Nécessaire anticipation : tout reste à faire
Mais il y a plus problématique encore. « Ce qui accroît la vulnérabilité du système est le fait qu'il existe beaucoup d'interdépendance entre les réseaux. Cela génère des effets en cascade », explique Claire Rais Assa. Cette interdépendance prend différentes formes, qui peuvent se combiner. Elle est d'abord physique : le réseau ferroviaire, par exemple, essentiellement dépendant de l'électricité, ne peut fonctionner en cas de défaillance du réseau de celle-ci. A l'électrification des usages qui s'est généralisée, s'est ajoutée une numérisation accrue des fonctions qui accentue les interdépendances. La distribution de l'électricité, pilotée à distance, est dépendante du fonctionnement des réseaux de télécommunications. Pour l'ensemble des opérateurs, « le risque de surchauffe des équipements électriques et électroniques est présent », ajoute Anne Faure. Autre interdépendance encore, celle géographique : « souvent, les infrastructures sont rassemblées au même endroit », explique Claire Rais Assa. Réseaux de télécommunications, gaz, eau, sont souvent enfouis dans des mêmes tranchées, sous ou à proximité d'une route.

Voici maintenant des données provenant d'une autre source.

(* Consider Setting B and suppose the sequence of communication graphs $\{\mathcal G[k]\}_{k\ge0}$ is jointly strongly $(3f+1)$-robust w.r.t. the source set $\mathcal S$. Then for any desired rate $\rho\in(0,1)$, the regular source nodes can choose observer gains $l_i$ such that, when the regular nodes run Algorithm 2, for every $f$-total Byzantine adversarial set $\mathcal A$ and every adversarial behavior, and for every initial state and initial estimates, there exist constants $c\ge0$ and $K\in\mathbb N$ with $|\hat x_i[k]-x[k]|\le c\rho^k$ for all $k\ge K$ and all $i\in\mathcal R$.
   Context: Setting B. Scalar system $x[k+1]=ax[k]$, $a\in\mathbb R$, monitored by nodes $\mathcal V=\{1,\dots,N\}$ with measurements $y_i[k]=c_ix[k]$, $c_i\in\mathbb R$. Source set $\mathcal S=\{i\in\mathcal V:c_i\neq0\}$. Time-varying directed graphs $\mathcal G[k]=(\mathcal V,\mathcal E[k])$, $\mathcal N_i[k]=\{l\ne i:(l,i)\in\mathcal E[k]\}$; the union graph over an interval has the union of the edge sets. An unknown set $\mathcal A\subseteq\mathcal V$ of adversarial nodes with $|\mathcal A|\le f$ ($f$-total model; $\mathcal A$ may intersect $\mathcal S$); $\mathcal R=\mathcal V\setminus\mathcal A$ are regular. Adversaries are Byzantine: at each time they may send arbitrary, possibly different values (of both estimate and freshness index) to different out-neighbors, or send nothing, and may collude. At each time $k$, each node $l$ sends to its out-neighbors a pair (estimate, freshness index); regular $l$ sends its true $(\hat x_l[k],\tau_l[k])$. Algorithm 2 (executed by regular nodes). Regular source $i\in\mathcal S$: $\tau_i[k]=0$ for all $k$ and $\hat x_i[k+1]=a\hat x_i[k]+l_i(y_i[k]-c_i\hat x_i[k])$ with observer gain $l_i$. Regular non-source $i$: keeps $\hat x_i[k]$ (arbitrary initial), $\tau_i[k]\in\mathbb N\cup\{\omega\}$ with $\tau_i[0]=\omega$, and a list $\mathcal M_i$ of distinct node labels (initially empty, at most $2f+1$ entries, stored in $2f+1$ slots) with, for each $l\in\mathcal M_i$, a stored estimate $v_{i,l}$, stored index $d_{i,l}\in\mathbb N$ and time stamp $\phi_{i,l}$. At time $k$ let $\mathcal J_i[k]$ be the set of $l\in\mathcal N_i[k]$ whose reported index $\tau_l[k]$ lies in $\mathbb N$ and satisfies $\tau_l[k]\le k$. "Appending $l$ at time $k$" means: put $l$ in $\mathcal M_i$ (if absent), set $v_{i,l}=\hat x_l[k]$, $d_{i,l}=\tau_l[k]$ (reported values), $\phi_{i,l}=k$. Filtering update (F) at time $k$ (requires $|\mathcal M_i|=2f+1$): set $\tau_i[k+1]=\max_{l\in\mathcal M_i}d_{i,l}+1$; form $\bar x_{i,l}[k]=a^{k-\phi_{i,l}}v_{i,l}$ for $l\in\mathcal M_i$; discard the $f$ largest and $f$ smallest of these $2f+1$ values, call the remaining one $\bar x_i[k]$, and set $\hat x_i[k+1]=a\bar x_i[k]$. Case $\tau_i[k]=\omega$: let $\mathcal J'=\mathcal J_i[k]\setminus\mathcal M_i$. If $|\mathcal M_i|+|\mathcal J'|<2f+1$, append every $l\in\mathcal J'$, set $\tau_i[k+1]=\omega$ and $\hat x_i[k+1]=a\hat x_i[k]$. Otherwise append the $2f+1-|\mathcal M_i|$ nodes of $\mathcal J'$ with smallest reported indices (ties broken arbitrarily) and perform (F). Case $\tau_i[k]\ne\omega$: for each $l\in\mathcal J_i[k]\cap\mathcal M_i$ with reported $\tau_l[k]<d_{i,l}$, append $l$ (refreshing its entries); then rank the nodes of $\mathcal M_i\cup(\mathcal J_i[k]\setminus\mathcal M_i)$ by index ($d_{i,l}$ for $l\in\mathcal M_i$, reported $\tau_l[k]$ otherwise), keep the $2f+1$ with smallest index (ties arbitrary), appending newcomers and deleting dropped nodes (a retained node keeps its storage slot; a newcomer occupies the slot of a dropped node), and perform (F). In all cases, after the step every stored $d_{i,l}$ is incremented by $1$, and $\mathcal M_i$, $v$, $\phi$ carry over to time $k+1$. Definitions. For a graph $\mathcal G=(\mathcal V,\mathcal E)$ with in-neighbor sets $\mathcal N_i$ and $r\in\mathbb N_+$, a set $\mathcal C\subseteq\mathcal V$ is $r$-reachable if some $i\in\mathcal C$ has $|\mathcal N_i\setminus\mathcal C|\ge r$. $\mathcal G$ is strongly $r$-robust w.r.t. $\mathcal S\subset\mathcal V$ if every nonempty $\mathcal C\subseteq\mathcal V\setminus\mathcal S$ is $r$-reachable. A sequence $\{\mathcal G[k]\}$ is jointly strongly $r$-robust w.r.t. $\mathcal S$ if there is $T\in\mathbb N_+$ such that the union graph over $[kT,(k+1)T-1]$ is strongly $r$-robust w.r.t. $\mathcal S$ for every $k\in\mathbb N$. *)

theory Defs
  imports Complex_Main
begin

text \<open>An edge (l,i) means l sends to i. Node labels are naturals; the node set is V.\<close>

definition in_nbrs :: "(nat \<times> nat) set \<Rightarrow> nat \<Rightarrow> nat set" where
  "in_nbrs E i = {l. l \<noteq> i \<and> (l, i) \<in> E}"

definition r_reachable :: "(nat \<times> nat) set \<Rightarrow> nat set \<Rightarrow> nat \<Rightarrow> bool" where
  "r_reachable E C r \<longleftrightarrow> (\<exists>i\<in>C. card (in_nbrs E i - C) \<ge> r)"

definition strongly_robust :: "nat set \<Rightarrow> (nat \<times> nat) set \<Rightarrow> nat set \<Rightarrow> nat \<Rightarrow> bool" where
  "strongly_robust V E S r \<longleftrightarrow>
     (\<forall>C. C \<subseteq> V - S \<and> C \<noteq> {} \<longrightarrow> r_reachable E C r)"
lemma dvd_lcm_closed_root_degrees:
  assumes tf: "torsion_free G" and lc: "locally_cyclic G" and x: "x \<in> carrier G" "x \<noteq> \<one>"
  shows "dvd_lcm_closed (root_degrees x)"
  unfolding dvd_lcm_closed_def
proof (intro conjI ballI allI impI)
  show "root_degrees x \<subseteq> ints_abs_ge2" by (auto simp: root_degrees_def)
next
  fix n d assume "n \<in> root_degrees x" and d: "d dvd n \<and> 2 \<le> \<bar>d\<bar>"
  then obtain y where y: "y \<in> carrier G" "y [^] n = x" by (auto simp: root_degrees_def)
  obtain e where e: "n = d * e" using d by blast
  have "(y [^] e) [^] d = x" using y e by (simp add: int_pow_pow mult.commute)
  then show "d \<in> root_degrees x" using d y(1) by (auto simp: root_degrees_def ints_abs_ge2_def)
next
  fix a b assume "a \<in> root_degrees x" "b \<in> root_degrees x"
  then obtain y u where ab: "a \<in> ints_abs_ge2" "b \<in> ints_abs_ge2"
    and y: "y \<in> carrier G" "y [^] a = x" and u: "u \<in> carrier G" "u [^] b = x"
    by (auto simp: root_degrees_def)
  txt \<open>Write both roots as powers of one element c; then a and b divide the exponent of x in c.\<close>
  obtain c and i j :: int where c: "c \<in> carrier G" "y = c [^] i" "u = c [^] j"
    using locally_cyclic_int_pow_common[OF lc y(1) u(1)] .
  have xa: "c [^] (i * a) = x" and xb: "c [^] (j * b) = x" using y u c by (simp_all add: int_pow_pow)
  then have "c \<noteq> \<one>" using x(2) by auto
  then have "i * a = j * b" using torsion_free_int_pow_inj[OF tf c(1)] xa xb by simp
  then have "lcm a b dvd i * a" by (metis dvd_triv_right lcm_least)
  then obtain e where e: "i * a = lcm a b * e" by blast
  have "(c [^] e) [^] lcm a b = x" using c(1) xa e by (simp add: int_pow_pow mult.commute)
  moreover have "lcm a b \<in> ints_abs_ge2" using dvd_lcm_closed_lcm[OF dvd_lcm_closed_ints_abs_ge2 ab] .
  ultimately show "lcm a b \<in> root_degrees x" using c(1) by (auto simp: root_degrees_def)
qed

lemma pm_arc_int_pow:
  fixes m n :: int
  assumes tf: "torsion_free G" and x: "x \<in> carrier G" "x \<noteq> \<one>" and "n \<noteq> 0"
  shows "pm_arc G (x [^] m) (x [^] n) \<longleftrightarrow> m \<noteq> n \<and> m dvd n"
proof -
  have "(\<exists>k::int. k \<noteq> 0 \<and> x [^] n = (x [^] m) [^] k) \<longleftrightarrow> m dvd n"
  proof
    assume "\<exists>k::int. k \<noteq> 0 \<and> x [^] n = (x [^] m) [^] k"
    then obtain k :: int where "x [^] n = (x [^] m) [^] k" by blast
    then have "x [^] n = x [^] (m * k)" using x(1) by (simp add: int_pow_pow)
    then have "n = m * k" using torsion_free_int_pow_inj[OF tf x] by blast
    then show "m dvd n" by simp
  next
    assume "m dvd n"
    then obtain k where k: "n = m * k" by blast
    then have "k \<noteq> 0" using \<open>n \<noteq> 0\<close> by auto
    moreover have "x [^] n = (x [^] m) [^] k" using k x(1) by (simp add: int_pow_pow)
    ultimately show "\<exists>k::int. k \<noteq> 0 \<and> x [^] n = (x [^] m) [^] k" by blast
  qed
  moreover have "x [^] m \<noteq> x [^] n \<longleftrightarrow> m \<noteq> n" using torsion_free_int_pow_inj[OF tf x] by auto
  moreover have "x [^] m \<in> carrier G" "x [^] n \<in> carrier G" using x(1) by simp_all
  ultimately show ?thesis unfolding pm_arc_def by (simp only: simp_thms)
qed

lemma pm_out_eq:
  assumes tf: "torsion_free G" and x: "x \<in> carrier G" "x \<noteq> \<one>"
  shows "pm_out G x = (\<lambda>n. x [^] n) ` ints_abs_ge2"
proof -
  have "n \<in> ints_abs_ge2 \<longleftrightarrow> n \<noteq> 0 \<and> x [^] n \<noteq> inv x \<and> x \<noteq> x [^] n" for n :: int
    using int_pow_eq_inv_iff[OF tf x, of n] int_pow_eq_self_iff[OF tf x, of n]
    by (auto simp: ints_abs_ge2_def)
  moreover have "y \<in> pm_out G x \<longleftrightarrow> (\<exists>n::int. n \<noteq> 0 \<and> x [^] n \<noteq> inv x \<and> x \<noteq> x [^] n \<and> y = x [^] n)" for y
    unfolding pm_out_def pm_arc_def using x(1) by auto
  ultimately show ?thesis by blast
qed

lemma graph_iso_pm_out:
  assumes tf: "torsion_free G" and x: "x \<in> carrier G" "x \<noteq> \<one>"
  shows "graph_iso dvd_adj ints_abs_ge2 (pm_adj G) (pm_out G x)"
  unfolding graph_iso_def
proof (intro exI conjI)
  show "bij_betw (\<lambda>n. x [^] n) ints_abs_ge2 (pm_out G x)"
    using torsion_free_int_pow_inj[OF tf x] pm_out_eq[OF tf x] by (auto simp: bij_betw_def inj_on_def)
  show "\<forall>m\<in>ints_abs_ge2. \<forall>n\<in>ints_abs_ge2. dvd_adj m n \<longleftrightarrow> pm_adj G (x [^] m) (x [^] n)"
  proof (intro ballI)
    fix m n assume "m \<in> ints_abs_ge2" "n \<in> ints_abs_ge2"
    then have "m \<noteq> 0" "n \<noteq> 0" by (auto simp: ints_abs_ge2_def)
    then show "dvd_adj m n \<longleftrightarrow> pm_adj G (x [^] m) (x [^] n)"
      unfolding pm_adj_def using pm_arc_int_pow[OF tf x] by (auto simp: dvd_adj_def)
  qed
qed

lemma int_root_root_degrees:
  assumes tf: "torsion_free G" and "n \<in> root_degrees x"
  shows "int_root x n \<in> carrier G" "int_root x n [^] n = x"
proof -
  obtain y where "y \<in> carrier G" "y [^] n = x" "n \<noteq> 0"
    using assms(2) by (auto simp: root_degrees_def ints_abs_ge2_def)
  then show "int_root x n \<in> carrier G" "int_root x n [^] n = x" using int_root_eq[OF tf] by auto
qed

lemma pm_in_eq:
  assumes tf: "torsion_free G" and x: "x \<in> carrier G" "x \<noteq> \<one>"
  shows "pm_in G x = int_root x ` root_degrees x"
proof (intro equalityI subsetI)
  fix y assume "y \<in> pm_in G x"
  then have y: "y \<in> carrier G" "y \<noteq> inv x" "y \<noteq> x" and "pm_arc G y x"
    unfolding pm_in_def pm_arc_def by auto
  then obtain n :: int where n: "n \<noteq> 0" "x = y [^] n" unfolding pm_arc_def by blast
  have "n \<noteq> 1"
  proof
    assume "n = 1"
    then have "x = y" using n(2) y(1) by simp
    then show False using y(3) by simp
  qed
  moreover have "n \<noteq> -1"
  proof
    assume "n = -1"
    then have "x = inv y" using n(2) int_pow_neg[OF y(1), of 1] y(1) by simp
    then show False using y(1,2) by simp
  qed
  ultimately have "n \<in> root_degrees x" using n y(1) by (auto simp: root_degrees_def ints_abs_ge2_def)
  moreover have "int_root x n = y" using int_root_eq[OF tf y(1) n(1)] n(2) by simp
  ultimately show "y \<in> int_root x ` root_degrees x" by blast
next
  fix y assume "y \<in> int_root x ` root_degrees x"
  then obtain n where nD: "n \<in> root_degrees x" and yn: "y = int_root x n" by blast
  have n: "n \<noteq> 0" "n \<noteq> 1" "n \<noteq> -1" using nD by (auto simp: root_degrees_def ints_abs_ge2_def)
  have y: "y \<in> carrier G" "y [^] n = x" using int_root_root_degrees[OF tf nD] yn by auto
  have "y \<noteq> x"
  proof
    assume "y = x"
    then show False using y(2) n int_pow_eq_self_iff[OF tf x] by simp
  qed
  moreover have "y \<noteq> inv x"
  proof
    assume "y = inv x"
    then have "x [^] (-n) = x" using y x(1) by (simp add: int_pow_inv int_pow_neg)
    then show False using n int_pow_eq_self_iff[OF tf x] by simp
  qed
  ultimately show "y \<in> pm_in G x" using y n x(1) unfolding pm_in_def pm_arc_def by blast
qed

Face à ces enjeux pourtant cruciaux, les politiques publiques semblent manquer totalement d'anticipation. « Dans les politiques publiques d' adaptation au changement climatique, la question des interdépendances entre les infrastructures est assez absente », estime Claire Rais Assa. Les chercheuses ont fait trois constats principaux en matière de gouvernance. Le premier réside donc dans une « grande méconnaissance » de la réalité de ces interdépendances, souligne Anne Faure. Deuxième constat, alors qu'il faudrait anticiper, « aujourd'hui, beaucoup des opérateurs sont dans des stratégies de type réactif », poursuit Anne Faure. Le troisième constat : un manque de coopération et d'organisation entre les acteurs concernés, au niveau transversal et des territoires. Sur cette base, France Stratégie émet plusieurs préconisations. Dont la création d'une instance nationale qui réunirait l’État et les gestionnaires de réseaux, afin de partager des constats et d'élaborer une stratégie cohérente et concertée en matière d'adaptation des réseaux au changement climatique. En 2023 est prévu le vote de la loi de programmation Energie-climat. « Une fenêtre s'ouvre pour faire des propositions sur l'adaptation au changement climatique, et sur l'intégration de l'anticipation des problématiques de réseaux dans ce domaine », espère Claire Rais Assa.